It’s nothing new, expressing sympathy for those on the other end of the rifle; Grand Illusion, cinema’s most celebrated and civilized POW story, got there 80 years ago. But there’s still a hard-nosed integrity to any film that reserves some pity for the vanquished villains of World War II—at least the youngest of them, Germany’s veritable child soldiers—while still understanding how difficult it might be for a Nazi-ravaged Europe to see these boys as anything but the enemy, reaping what they violently sowed. The Danish drama Land Of Mine does just that, retelling one of World War II’s countless dark chapters: the cruel and unusual deployment of German POWs as land mine disposal units, blown to smithereens for the sins of their superiors.

We meet our main character, Danish Sgt. Rasmussen (A Hijacking’s Roland Møller), in the opening scene, pulling up to a long line of German soldiers marching out of Denmark in defeat.
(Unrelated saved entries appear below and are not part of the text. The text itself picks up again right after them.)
subsection \<open>Soundness and completeness for the Tamari order\<close>

lemma derivable_if_tamari: "tamari A B \<Longrightarrow> derivable [A] B"
proof (induction rule: tamari.induct)
  case (tam_refl A)
  then show ?case by (rule derivable_refl)
next
  case (tam_trans A B C)
  then show ?case
    using derivable_cut_head[of "[A]" B "[]" C] by simp
next
  case (tam_assoc A B C)
  have "derivable ([A] @ [B] @ [C]) (Prod A (Prod B C))"
    using derivable_ProdR_unfocused[OF derivable_refl derivable_ProdR_unfocused] derivable_refl
    by blast
  then show ?case
    by (auto intro!: derivable_ProdL)
next
  case (tam_cong A1 A2 B1 B2)
  then show ?case
    using derivable_ProdR_unfocused[of "[A1]" A2 "[B1]" B2] derivable_ProdL by simp
qed

definition left_comb :: "frm list \<Rightarrow> frm" where
  "left_comb \<Gamma> = foldl Prod (hd \<Gamma>) (tl \<Gamma>)"

lemma tamari_foldl_Prod: "tamari (foldl Prod A (B # \<Delta>)) (Prod A (foldl Prod B \<Delta>))"
proof (induction \<Delta> rule: rev_induct)
  case Nil
  then show ?case by (simp add: tam_refl)
next
  case (snoc C \<Delta>)
  then have "tamari (foldl Prod A (B # \<Delta> @ [C])) (Prod (Prod A (foldl Prod B \<Delta>)) C)"
    using tam_cong tam_refl by simp
  then show ?case
    using tam_trans[OF _ tam_assoc] by simp
qed

lemma tamari_left_comb_append:
  assumes "\<Gamma> \<noteq> []" "\<Delta> \<noteq> []"
  shows "tamari (left_comb (\<Gamma> @ \<Delta>)) (Prod (left_comb \<Gamma>) (left_comb \<Delta>))"
proof -
  obtain A \<Gamma>' B \<Delta>' where "\<Gamma> = A # \<Gamma>'" "\<Delta> = B # \<Delta>'"
    using assms by (meson neq_Nil_conv)
  then show ?thesis
    using tamari_foldl_Prod[of "foldl Prod A \<Gamma>'" B \<Delta>'] by (simp add: left_comb_def)
qed

lemma tamari_left_comb_if_derivable: "derivable \<Gamma> C \<Longrightarrow> tamari (left_comb \<Gamma>) C"
proof (induction rule: derivable.induct)
  case (derivable_Atom p)
  then show ?case by (simp add: left_comb_def tam_refl)
next
  case (derivable_ProdL A B \<Delta> C)
  then show ?case by (simp add: left_comb_def)
next
  case (derivable_ProdR \<Gamma> A \<Delta> B)
  have "tamari (left_comb (\<Gamma> @ \<Delta>)) (Prod (left_comb \<Gamma>) (left_comb \<Delta>))"
    using tamari_left_comb_append derivable_nonempty derivable_ProdR.hyps by blast
  moreover have "tamari (Prod (left_comb \<Gamma>) (left_comb \<Delta>)) (Prod A B)"
    using derivable_ProdR.IH by (rule tam_cong)
  ultimately show ?case by (rule tam_trans)
qed

lemma derivable_single_iff_tamari: "derivable [A] B \<longleftrightarrow> tamari A B"
  using tamari_left_comb_if_derivable[of "[A]" B] derivable_if_tamari
  by (auto simp: left_comb_def)

subsection \<open>Focused derivations are determined by their end sequents\<close>

lemma derivable_concl_if_focused: "focused d \<Longrightarrow> derivable (fst (concl d)) (snd (concl d))"
  by (induction d) (auto intro: derivable.intros)

lemma focused_if_derivable: "derivable \<Gamma> C \<Longrightarrow> \<exists>d. focused d \<and> concl d = (\<Gamma>, C)"
proof (induction rule: derivable.induct)
  case (derivable_Atom p)
  show ?case
    by (intro exI[of _ "DId p"]) simp
next
  case (derivable_ProdL A B \<Delta> C)
  then obtain d where "focused d" "concl d = (A # B # \<Delta>, C)" by blast
  then show ?case
    by (intro exI[of _ "DL A B \<Delta> C d"]) simp
next
  case (derivable_ProdR \<Gamma> A \<Delta> B)
  then obtain d1 d2 where "focused d1" "concl d1 = (\<Gamma>, A)" "focused d2" "concl d2 = (\<Delta>, B)"
    by blast
  then show ?case
    using derivable_ProdR by (intro exI[of _ "DR \<Gamma> \<Delta> A B d1 d2"]) simp
qed

lemma concl_focused_image: "concl ` {d. focused d} = {(\<Gamma>, C). derivable \<Gamma> C}"
proof (intro equalityI subsetI)
  fix x assume "x \<in> concl ` {d. focused d}"
  then show "x \<in> {(\<Gamma>, C). derivable \<Gamma> C}"
    using derivable_concl_if_focused by (auto simp: case_prod_beta)
next
  fix x assume "x \<in> {(\<Gamma>, C). derivable \<Gamma> C}"
  then show "x \<in> concl ` {d. focused d}"
    using focused_if_derivable by (cases x) (metis (mono_tags) case_prod_conv image_eqI mem_Collect_eq)
qed

text \<open>The antecedents of the two premises of \<open>\<bullet>R\<close> are recovered from the frontier of the
  left premise's succedent.\<close>

lemma append_eq_append_frontier_split:
  assumes "\<Gamma> @ \<Delta> = \<Gamma>' @ \<Delta>'" "concat (map frontier \<Gamma>) = concat (map frontier \<Gamma>')"
  shows "\<Gamma> = \<Gamma>'"
proof -
  obtain us where "\<Gamma> = \<Gamma>' @ us \<or> \<Gamma> @ us = \<Gamma>'"
    using assms(1) by (auto simp: append_eq_append_conv2)
  then show ?thesis
    using assms(2) concat_map_frontier_eq_Nil_iff[of us] by auto
qed

lemma focused_DR_concl_ne_DL_concl:
  assumes "focused (DR \<Gamma> \<Delta> A B d1 d2)"
  shows "concl (DR \<Gamma> \<Delta> A B d1 d2) \<noteq> concl (DL A' B' \<Delta>' C d)"
proof -
  have "\<Gamma> \<noteq> []"
    using assms derivable_concl_if_focused[of d1] derivable_nonempty by auto
  then have "irreducible (\<Gamma> @ \<Delta>)"
    using assms irreducible_append by simp
  then show ?thesis
    by (auto simp: irreducible_def is_prod_def)
qed

lemma focused_concl_inj: "inj_on concl {d. focused d}"
proof -
  have "d1 = d2" if "focused d1" "focused d2" "concl d1 = concl d2" for d1 d2
    using that
  proof (induction d1 arbitrary: d2)
    case (DId p)
    then show ?case by (cases d2) auto
  next
    case (DL A B \<Delta> C d)
    then show ?case
      using focused_DR_concl_ne_DL_concl by (cases d2) (auto, metis)
  next
    case (DR \<Gamma> \<Delta> A B e1 e2)
    then show ?case
    proof (cases d2)
      case (DR \<Gamma>' \<Delta>' A' B' e1' e2')
      have "concat (map frontier \<Gamma>) = concat (map frontier \<Gamma>')"
        using DR.prems DR derivable_frontier[OF derivable_concl_if_focused[of e1]]
          derivable_frontier[OF derivable_concl_if_focused[of e1']] by simp
      then have "\<Gamma> = \<Gamma>'"
        using DR.prems(3) DR append_eq_append_frontier_split by auto
      then show ?thesis
        using DR.prems DR.IH DR by simp
    qed (use focused_DR_concl_ne_DL_concl in auto)
  qed
  then show ?thesis
    by (auto intro: inj_onI)
qed

lemma ell_eq_card_derivable:
  "ell n k = card {(\<Gamma>, C). derivable \<Gamma> C \<and> length \<Gamma> = k \<and> fsize C = n \<and>
                           frontier C = std_frontier n}"
proof -
  let ?P = "\<lambda>x. length (fst x) = k \<and> fsize (snd x) = n \<and> frontier (snd x) = std_frontier n"
  have "ell n k = card {d \<in> {d. focused d}. ?P (concl d)}"
    by (simp add: ell_def)
  also have "\<dots> = card (concl ` {d \<in> {d. focused d}. ?P (concl d)})"
    by (rule card_image[symmetric, OF inj_on_subset[OF focused_concl_inj]]) blast
  also have "concl ` {d \<in> {d. focused d}. ?P (concl d)} = {x \<in> concl ` {d. focused d}. ?P x}"
    by blast
  finally show ?thesis
    by (simp add: concl_focused_image conj_ac split_def)
qed

theorem proposition3p1:
  fixes n :: nat
  shows "ell n 1 = tamari_intervals n"
proof -
  let ?T = "{(A, B). fsize A = n \<and> frontier A = std_frontier n \<and>
                     fsize B = n \<and> frontier B = std_frontier n \<and> tamari A B}"
  have "{(\<Gamma>, C). derivable \<Gamma> C \<and> length \<Gamma> = 1 \<and> fsize C = n \<and> frontier C = std_frontier n}
        = (\<lambda>(A, B). ([A], B)) ` ?T"
  proof (intro equalityI subsetI)
    fix x
    assume "x \<in> {(\<Gamma>, C). derivable \<Gamma> C \<and> length \<Gamma> = 1 \<and> fsize C = n \<and> frontier C = std_frontier n}"
    then obtain A B where "x = ([A], B)" "tamari A B" "fsize B = n" "frontier B = std_frontier n"
      by (auto simp: length_Suc_conv derivable_single_iff_tamari)
    then show "x \<in> (\<lambda>(A, B). ([A], B)) ` ?T"
      using tamari_frontier[of A B] tamari_fsize[of A B] by (intro image_eqI[of _ _ "(A, B)"]) auto
  qed (auto simp: derivable_single_iff_tamari)
  moreover have "inj_on (\<lambda>(A, B). ([A], B)) ?T"
    by (auto intro: inj_onI)
  ultimately show ?thesis
    by (simp add: ell_eq_card_derivable card_image tamari_intervals_def)
qed

end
He beats one half to death for attempting to steal a flag. It’s not the flag he’s really furious about. The sergeant ends up in charge of an amateur bomb squad, shell-shocked kids tasked with a mission even more suicidal than the one Hitler assigned them. Land Of Mine gives some of them names and basic traits: Helmut (Joel Basman), too bitter or just too smart to believe he’s ever going home; twins Ernst (Emil Belton) and Werner (Oskar Belton), maybe the most boyish of the whole lot; Sebastian (Louis Hofmann), who might have been a leader in a different decade. But they’re not really characters, because they can’t be. The war has stolen their choices, their personalities, their futures.
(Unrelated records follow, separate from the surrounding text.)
lemma principal_domain: "principal_domain R"
proof (rule principal_domain.intro[OF R.domain_axioms], unfold_locales)
  fix I assume I: "ideal I R"
  interpret ideal I R by fact
  have "0 \<in> I" using additive_subgroup.zero_closed[OF is_additive_subgroup] by simp
  show "\<exists>a\<in>carrier R. I = PIdl\<^bsub>R\<^esub> a"
  proof (cases "I = {0}")
    case True
    then show ?thesis using R.zero_closed by (intro bexI[of _ 0]) (auto simp: cgenideal_eq)
  next
    case False
    then obtain w where "w \<in> I" "w \<noteq> 0" using \<open>0 \<in> I\<close> by blast
    then have "\<exists>k. x ^ k \<in> I"
      using localization_has_val power_in_ideal[OF I] a_subset by fastforce
    define k0 where "k0 = (LEAST k. x ^ k \<in> I)"
    have k0: "x ^ k0 \<in> I" unfolding k0_def using \<open>\<exists>k. x ^ k \<in> I\<close> by (rule LeastI_ex)
    have "I \<subseteq> PIdl\<^bsub>R\<^esub> (x ^ k0)"
    proof
      fix z assume z: "z \<in> I"
      show "z \<in> PIdl\<^bsub>R\<^esub> (x ^ k0)"
      proof (cases "z = 0")
        case False
        then obtain k u where ku: "loc_unit u" "z = x ^ k * u"
          using localization_has_val z a_subset unfolding has_val_def by fastforce
        then have "k0 \<le> k"
          unfolding k0_def using power_in_ideal[OF I z] has_val_def by (blast intro: Least_le)
        then have "z = (x ^ (k - k0) * u) * x ^ k0" using ku by (simp add: power_add[symmetric] mult_ac)
        moreover have "x ^ (k - k0) * u \<in> L"
          using ku x_in_localization by (blast intro: mult_in_localization power_in_localization
              loc_unit_in_localization)
        ultimately show ?thesis unfolding cgenideal_eq by blast
      qed (use R.zero_closed in \<open>auto simp: cgenideal_eq\<close>)
    qed
    moreover have "PIdl\<^bsub>R\<^esub> (x ^ k0) \<subseteq> I" using R.cgenideal_minimal[OF I k0] .
    ultimately show ?thesis using x_in_localization power_in_localization by auto
  qed
qed

lemma mem_cgenideal_x_iff: "w \<in> PIdl\<^bsub>R\<^esub> x \<longleftrightarrow> w \<in> L \<and> \<not> loc_unit w"
proof
  assume "w \<in> PIdl\<^bsub>R\<^esub> x"
  then obtain y where y: "y \<in> L" "w = y * x" unfolding cgenideal_eq by blast
  have "\<not> loc_unit w"
  proof
    assume "loc_unit w"
    then have "y * (1 / w) \<in> L"
      using y(1) loc_unit_inverse loc_unit_in_localization mult_in_localization by blast
    moreover have "y * (1 / w) = 1 / x"
      using y(2) loc_unit_nonzero[OF \<open>loc_unit w\<close>] by simp
    ultimately show False using inverse_notin_localization x_in_P x_nonzero by simp
  qed
  then show "w \<in> L \<and> \<not> loc_unit w"
    using y x_in_localization mult_in_localization by blast
next
  assume w: "w \<in> L \<and> \<not> loc_unit w"
  show "w \<in> PIdl\<^bsub>R\<^esub> x"
  proof (cases "w = 0")
    case False
    then obtain k u where ku: "loc_unit u" "w = x ^ k * u"
      using localization_has_val w unfolding has_val_def by blast
    then obtain j where "k = Suc j" using w by (cases k) auto
    then have "w = (x ^ j * u) * x" using ku by (simp add: mult_ac)
    moreover have "x ^ j * u \<in> L"
      using ku x_in_localization by (blast intro: mult_in_localization power_in_localization
          loc_unit_in_localization)
    ultimately show ?thesis unfolding cgenideal_eq by blast
  qed (use R.zero_closed in \<open>auto simp: cgenideal_eq\<close>)
qed

lemma primeideal_cgenideal_x: "primeideal (PIdl\<^bsub>R\<^esub> x) R"
proof (rule primeidealI)
  show "ideal (PIdl\<^bsub>R\<^esub> x) R" using R.cgenideal_ideal x_in_localization by simp
  show "cring R" by (rule R.is_cring)
  show "carrier R \<noteq> PIdl\<^bsub>R\<^esub> x" using mem_cgenideal_x_iff loc_unit_one R.one_closed by auto
next
  fix a b assume "a \<in> carrier R" "b \<in> carrier R" "a \<otimes>\<^bsub>R\<^esub> b \<in> PIdl\<^bsub>R\<^esub> x"
  then show "a \<in> PIdl\<^bsub>R\<^esub> x \<or> b \<in> PIdl\<^bsub>R\<^esub> x"
    using loc_unit_mult by (auto simp: mem_cgenideal_x_iff)
qed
Just a few years ago, The Hurt Locker made nerve-wracking spectacle out of bomb defusing. Land Of Mine has its queasy moments—scenes of shaky adolescent hands and finicky equipment—but it’d be hard to call the movie “exciting.” Director Martin Zandvliet doesn’t so much build tension as telegraph tragedy; if a shot or a tranquil conversation (many of the “What are you going to do when you get home?” variety) seems to last too long, you can usually be sure that an “unexpected“ explosion is imminent. Anyway, it becomes clear pretty quickly that we’re not waiting to see if the young grunts will survive but rather to see if any of them will. Most of the suspense relates to the sergeant’s motives. Will this decent man, embittered by the war, find some kind of feeling for his charges, digging their own graves in the dunes? Or does his hatred for their nation supersede any traces of compassion he may have left?
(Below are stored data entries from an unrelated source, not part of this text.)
lemma admissible_radius_exists: "\<exists>r. admissible_radius r"
proof -
  let ?P = "\<lambda>p :: real \<times> real. 0 < 1 + k * fst p \<and> 0 < H_slope (fst p) (snd p) * B0"
  have "\<forall>\<^sub>F p in nhds (0::real, 0::real). 0 < 1 + k * fst p"
    by (rule eventually_nhds_gt_if_isCont) (intro continuous_intros, simp)
  moreover have "\<forall>\<^sub>F p in nhds (0, 0). 0 < H_slope (fst p) (snd p) * B0"
  proof (rule eventually_nhds_gt_if_isCont)
    show "isCont (\<lambda>p. H_slope (fst p) (snd p) * B0) (0, 0)"
      unfolding H_slope_def by (intro continuous_intros) simp
    show "0 < H_slope (fst (0, 0)) (snd (0, 0)) * B0"
      using B0_nonzero not_real_square_gt_zero[of B0]
      by (simp add: H_slope_def B0_def[symmetric] del: not_real_square_gt_zero)
  qed
  ultimately have "eventually ?P (nhds (0, 0))"
    by (rule eventually_conj)
  then obtain e where e: "0 < e" "\<And>p. dist p (0, 0) < e \<Longrightarrow> ?P p"
    unfolding eventually_nhds_metric by blast
  define r where "r = min (e / 2) (min (a2 / (4 * b1)) (a2 / (2 * b2)))"
  have r_le: "r \<le> e / 2" "r \<le> a2 / (4 * b1)" "r \<le> a2 / (2 * b2)"
    by (simp_all add: r_def)
  have "?P (w1, w2)" if "\<bar>w1\<bar> < r" "\<bar>w2\<bar> < r" for w1 w2
  proof (rule e(2))
    have "dist (w1, w2) (0, 0) \<le> \<bar>w1\<bar> + \<bar>w2\<bar>"
      using sqrt_sum_squares_le_sum_abs by (simp add: dist_Pair_Pair)
    then show "dist (w1, w2) (0, 0) < e"
      using that r_le(1) by linarith
  qed
  moreover have "0 < r"
    using e(1) a2_pos b1_pos b2_pos by (simp add: r_def)
  moreover have "4 * b1 * r \<le> a2" "2 * b2 * r \<le> a2"
    using r_le b1_pos b2_pos by (simp_all add: field_simps)
  ultimately have "admissible_radius r"
    by (simp add: admissible_radius_def)
  then show ?thesis ..
qed

definition disc :: "real \<Rightarrow> real" where
  "disc a1 = (D - b2 * k * a1)^2 + 4 * (k * D) * (b2 * (a1 - a1_crit))"

definition branch_denom :: "real \<Rightarrow> real" where
  "branch_denom a1 = (D - b2 * k * a1) + sgn B0 * sqrt (disc a1)"

(*
  The root of the quadratic in H_eq_iff_quadratic that vanishes at a1_crit, written as
  2 c / (b + sgn B0 * sqrt (b^2 + 4 a c)): unlike the usual formula this stays valid when the
  leading coefficient k * D is zero.
*)
definition branch_u :: "real \<Rightarrow> real" where
  "branch_u a1 = (a1 - a1_crit) * (2 * b2 / branch_denom a1)"

definition branch_v :: "real \<Rightarrow> real" where
  "branch_v a1 = (a1 - b1 * branch_u a1) / c1"

definition branch :: "real \<Rightarrow> real^2" where
  "branch a1 = vector [branch_u a1, branch_v a1]"

lemma branch_components [simp]: "branch a1 $ 1 = branch_u a1" "branch a1 $ 2 = branch_v a1"
  by (simp_all add: branch_def)

lemma disc_crit: "disc a1_crit = B0^2"
  and branch_denom_crit: "branch_denom a1_crit = 2 * B0"
proof -
  have "D - b2 * k * a1_crit = B0"
    using b2_pos by (simp add: a1_crit_def B0_def)
  then show "disc a1_crit = B0^2" "branch_denom a1_crit = 2 * B0"
    by (simp_all add: disc_def branch_denom_def sgn_mult_abs)
qed

lemma branch_crit: "branch a1_crit = E3 a2 b2"
  using b2_pos c1_pos by (simp add: branch_def branch_v_def branch_u_def E3_eq a1_crit_def)

lemma isCont_branch_denom: "isCont branch_denom a1"
  unfolding branch_denom_def disc_def by (intro continuous_intros)

lemma isCont_branch:
  assumes "branch_denom a1 \<noteq> 0"
  shows "isCont branch a1"
  unfolding branch_def vector_2_eq_axis branch_v_def branch_u_def
  using assms c1_pos by (intro continuous_intros isCont_branch_denom) auto

lemma branch_has_vector_derivative:
  "(branch has_vector_derivative vector [b2 / B0, (1 - b1 * (b2 / B0)) / c1]) (at a1_crit)"
proof -
  have "(branch_u has_field_derivative b2 / B0) (at a1_crit)"
    unfolding DERIV_caratheodory_within
  proof (intro exI conjI allI)
    show "isCont (\<lambda>a1. 2 * b2 / branch_denom a1) a1_crit"
      using B0_nonzero by (intro continuous_intros isCont_branch_denom) (simp add: branch_denom_crit)
  qed (simp_all add: branch_u_def branch_denom_crit mult.commute)
  then show ?thesis
    unfolding branch_def [abs_def] vector_2_eq_axis branch_v_def
    using c1_pos by (auto intro!: derivative_eq_intros)
qed

lemma branch_quadratic:
  assumes "0 \<le> disc a1" "branch_denom a1 \<noteq> 0"
  shows "k * D * (branch_u a1)^2 + (D - b2 * k * a1) * branch_u a1 = b2 * (a1 - a1_crit)"
proof -
  have "branch_u a1 = 2 * (b2 * (a1 - a1_crit)) /
      ((D - b2 * k * a1) +
       sgn B0 * sqrt ((D - b2 * k * a1)^2 + 4 * (k * D) * (b2 * (a1 - a1_crit))))"
    by (simp add: branch_u_def branch_denom_def disc_def)
  then show ?thesis
    using quadratic_root_rationalized[of "sgn B0" "D - b2 * k * a1" "k * D" "b2 * (a1 - a1_crit)"]
      assms B0_nonzero
    by (simp add: disc_def branch_denom_def sgn_if mult.assoc)
qed

lemma admissible_radius_bounds:
  assumes "admissible_radius r" "\<bar>u\<bar> < r" "\<bar>v - a2 / b2\<bar> < r"
  shows "0 < 1 + k * u" "0 < v" "0 < b1 * u + b2 * v"
proof -
  have "- r < u" "a2 / b2 - r < v"
    using assms(2,3) by (auto simp: abs_less_iff)
  then have "b1 * - r \<le> b1 * u" "b2 * (a2 / b2 - r) < b2 * v"
    using mult_left_mono[of "- r" u b1] mult_strict_left_mono[of "a2 / b2 - r" v b2] b1_pos b2_pos
    by simp_all
  then have "- a2 / 4 \<le> b1 * u" "a2 / 2 < b2 * v"
    using assms(1) b2_pos by (auto simp: admissible_radius_def right_diff_distrib)
  then show "0 < b1 * u + b2 * v"
    using a2_pos by linarith
  show "0 < v"
    using \<open>a2 / 2 < b2 * v\<close> a2_pos b2_pos zero_less_mult_pos[of b2 v] by linarith
  show "0 < 1 + k * u"
    using assms(1,2) by (simp add: admissible_radius_def)
qed

lemma H_inj_on_radius:
  assumes "admissible_radius r" "\<bar>w1\<bar> < r" "\<bar>w2\<bar> < r" "H w1 = H w2"
  shows "w1 = w2"
proof -
  have "0 < 1 + k * w1" "0 < 1 + k * w2" "0 < H_slope w1 w2 * B0"
    using assms(1-3) by (auto simp: admissible_radius_def)
  then show ?thesis
    using H_diff[of w1 w2] assms(4) by auto
qed

lemma branch_interior_equilibrium:
  assumes r: "admissible_radius r" and branch: "0 \<le> disc a1" "branch_denom a1 \<noteq> 0"
    "branch a1 \<in> ball (E3 a2 b2) r"
  shows "interior_equilibrium a1 (branch_u a1) (branch_v a1)"
proof -
  have "\<bar>branch_u a1\<bar> < r"
    using mem_ball_E3(1)[OF branch(3)] by simp
  then have "1 + k * branch_u a1 \<noteq> 0"
    using r unfolding admissible_radius_def by force
  then show ?thesis
    using branch_quadratic[OF branch(1,2)] H_eq_iff_quadratic
    by (simp add: interior_equilibrium_iff branch_v_def)
qed

lemma equilibria_near_E3:
  assumes r: "admissible_radius r" and x: "x \<in> ball (E3 a2 b2) r"
    and branch: "0 \<le> disc a1" "branch_denom a1 \<noteq> 0" "branch a1 \<in> ball (E3 a2 b2) r"
  shows "F a1 x = 0 \<longleftrightarrow> x = E3 a2 b2 \<or> x = branch a1"
proof
  assume "F a1 x = 0"
  moreover have "0 < x$2"
    using admissible_radius_bounds(2)[OF r mem_ball_E3[OF x]] .
  ultimately have eqs: "x$1 = 0 \<or> a1 - b1 * x$1 - c1 * x$2 = 0"
    "a2 / (1 + k * x$1) - b2 * x$2 - c2 * x$1 = 0"
    by (simp_all add: field_eq_0_iff)
  show "x = E3 a2 b2 \<or> x = branch a1"
  proof (cases "x$1 = 0")
    case True
    then have "x$2 = a2 / b2"
      using eqs(2) b2_pos by (simp add: field_simps)
    then show ?thesis
      using True by (simp add: E3_eq vec_eq_iff forall_2)
  next
    case False
    then have "interior_equilibrium a1 (x$1) (x$2)"
      using eqs unfolding interior_equilibrium_def by linarith
    moreover have "interior_equilibrium a1 (branch_u a1) (branch_v a1)"
      using branch_interior_equilibrium[OF r branch] .
    moreover have "\<bar>branch_u a1\<bar> < r"
      using mem_ball_E3(1)[OF branch(3)] by simp
    ultimately have "x$1 = branch_u a1" "x$2 = branch_v a1"
      using H_inj_on_radius[OF r mem_ball_E3(1)[OF x]]
      by (simp_all add: interior_equilibrium_iff branch_v_def)
    then show ?thesis
      by (simp add: branch_def vec_eq_iff forall_2)
  qed
next
  assume "x = E3 a2 b2 \<or> x = branch a1"
  moreover have "F a1 (E3 a2 b2) = 0"
    using b2_pos by (simp add: field_eq_0_iff E3_eq)
  moreover have "F a1 (branch a1) = 0"
    using branch_interior_equilibrium[OF r branch]
    by (intro field_eq_0_if_interior_equilibrium) simp
  ultimately show "F a1 x = 0"
    by blast
qed

lemma det_jac_interior_sign:
  assumes r: "admissible_radius r" "\<bar>u\<bar> < r" "\<bar>v - a2 / b2\<bar> < r"
    and eq: "interior_equilibrium a1 u v" and "u \<noteq> 0"
  shows "0 < det (jac a1 u v) * (a1 - a1_crit)"
proof -
  have pos: "0 < 1 + k * u" "0 < v" using admissible_radius_bounds[OF r] by auto
  have slopes: "0 < H_slope u u * B0" "0 < H_slope u 0 * B0"
    using r by (auto simp: admissible_radius_def)
  have crit_dist: "b2 * (a1 - a1_crit) = u * H_slope u 0"
    using H_diff[of u 0] eq pos(1) by (simp add: interior_equilibrium_iff H_0 right_diff_distrib)
  have "det (jac a1 u v) * (a1 - a1_crit) * (b2 * B0^2) =
      v * u * H_slope u u * B0^2 * (b2 * (a1 - a1_crit))"
    using trace_det_jac_interior(2)[OF eq] pos(1) by (simp add: algebra_simps)
  also have "\<dots> = v * u^2 * ((H_slope u u * B0) * (H_slope u 0 * B0))"
    unfolding crit_dist by (simp add: power2_eq_square algebra_simps)
  finally have "0 < det (jac a1 u v) * (a1 - a1_crit) * (b2 * B0^2)"
    using pos slopes \<open>u \<noteq> 0\<close> by simp
  moreover have "0 < b2 * B0^2"
    using b2_pos B0_nonzero by simp
  ultimately show ?thesis
    by (rule zero_less_mult_pos2)
qed

lemma lin_stability_interior:
  assumes r: "admissible_radius r" "\<bar>u\<bar> < r" "\<bar>v - a2 / b2\<bar> < r"
    and eq: "interior_equilibrium a1 u v" and "u \<noteq> 0"
  shows "a1 < a1_crit \<Longrightarrow> lin_unstable F a1 (vector [u, v])"
    and "a1_crit < a1 \<Longrightarrow> lin_stable F a1 (vector [u, v])"
proof -
  have "0 < 1 + k * u" "0 < b1 * u + b2 * v"
    using admissible_radius_bounds[OF r] by auto
  then have deriv: "(F a1 has_derivative (\<lambda>h. jac a1 u v *v h)) (at (vector [u, v]))"
    and trace: "trace (jac a1 u v) < 0"
    using field_has_derivative[of "vector [u, v]" a1] trace_det_jac_interior(1)[OF eq] by simp_all
  have sign: "0 < det (jac a1 u v) * (a1 - a1_crit)"
    using det_jac_interior_sign[OF r eq \<open>u \<noteq> 0\<close>] .
  show "lin_unstable F a1 (vector [u, v])" if "a1 < a1_crit"
    using deriv sign that by (intro lin_unstable_if_det_neg) (auto simp: zero_less_mult_iff)
  show "lin_stable F a1 (vector [u, v])" if "a1_crit < a1"
    using deriv trace sign that
    by (intro lin_stable_if_trace_neg_det_pos) (auto simp: zero_less_mult_iff)
qed

lemma eventually_branch_near_E3:
  assumes "0 < r"
  shows "\<forall>\<^sub>F a1 in nhds a1_crit.
    0 < disc a1 \<and> branch_denom a1 \<noteq> 0 \<and> branch a1 \<in> ball (E3 a2 b2) r"
proof -
  have "\<forall>\<^sub>F a1 in nhds a1_crit. 0 < disc a1"
  proof (rule eventually_nhds_gt_if_isCont)
    show "isCont disc a1_crit"
      unfolding disc_def by (intro continuous_intros)
    show "0 < disc a1_crit"
      using B0_nonzero by (simp add: disc_crit)
  qed
  moreover have "\<forall>\<^sub>F a1 in nhds a1_crit. 0 < \<bar>branch_denom a1\<bar>"
    using B0_nonzero
    by (intro eventually_nhds_gt_if_isCont continuous_intros isCont_branch_denom)
      (simp add: branch_denom_crit)
  moreover have "isCont branch a1_crit"
    using B0_nonzero by (intro isCont_branch) (simp add: branch_denom_crit)
  then have "(branch \<longlongrightarrow> branch a1_crit) (nhds a1_crit)"
    unfolding isCont_def tendsto_at_iff_tendsto_nhds .
  then have "\<forall>\<^sub>F a1 in nhds a1_crit. branch a1 \<in> ball (E3 a2 b2) r"
    using assms by (intro topological_tendstoD) (auto simp: branch_crit)
  ultimately show ?thesis
    by eventually_elim auto
qed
It’s easy to see why Land Of Mine is one of the five films competing for this year’s Foreign Language Oscar: It’s a handsome World War II movie with a clear emotional appeal and a clearer dramatic arc. (Plus, it’s Danish. The Academy often gets a Danish movie in there, for some reason.) But the cheesiest thing about it is the punny English-language title with which it’s been saddled. Otherwise, Land Of Mine is tough and admirably grim, turning a harrowing history lesson into a study in how the battles of wartime don’t always cease with the ceasefire. War is hell, real life and the movies tell us. But for the losing side, the aftermath can be plenty hellish, too.

 
Join the discussion...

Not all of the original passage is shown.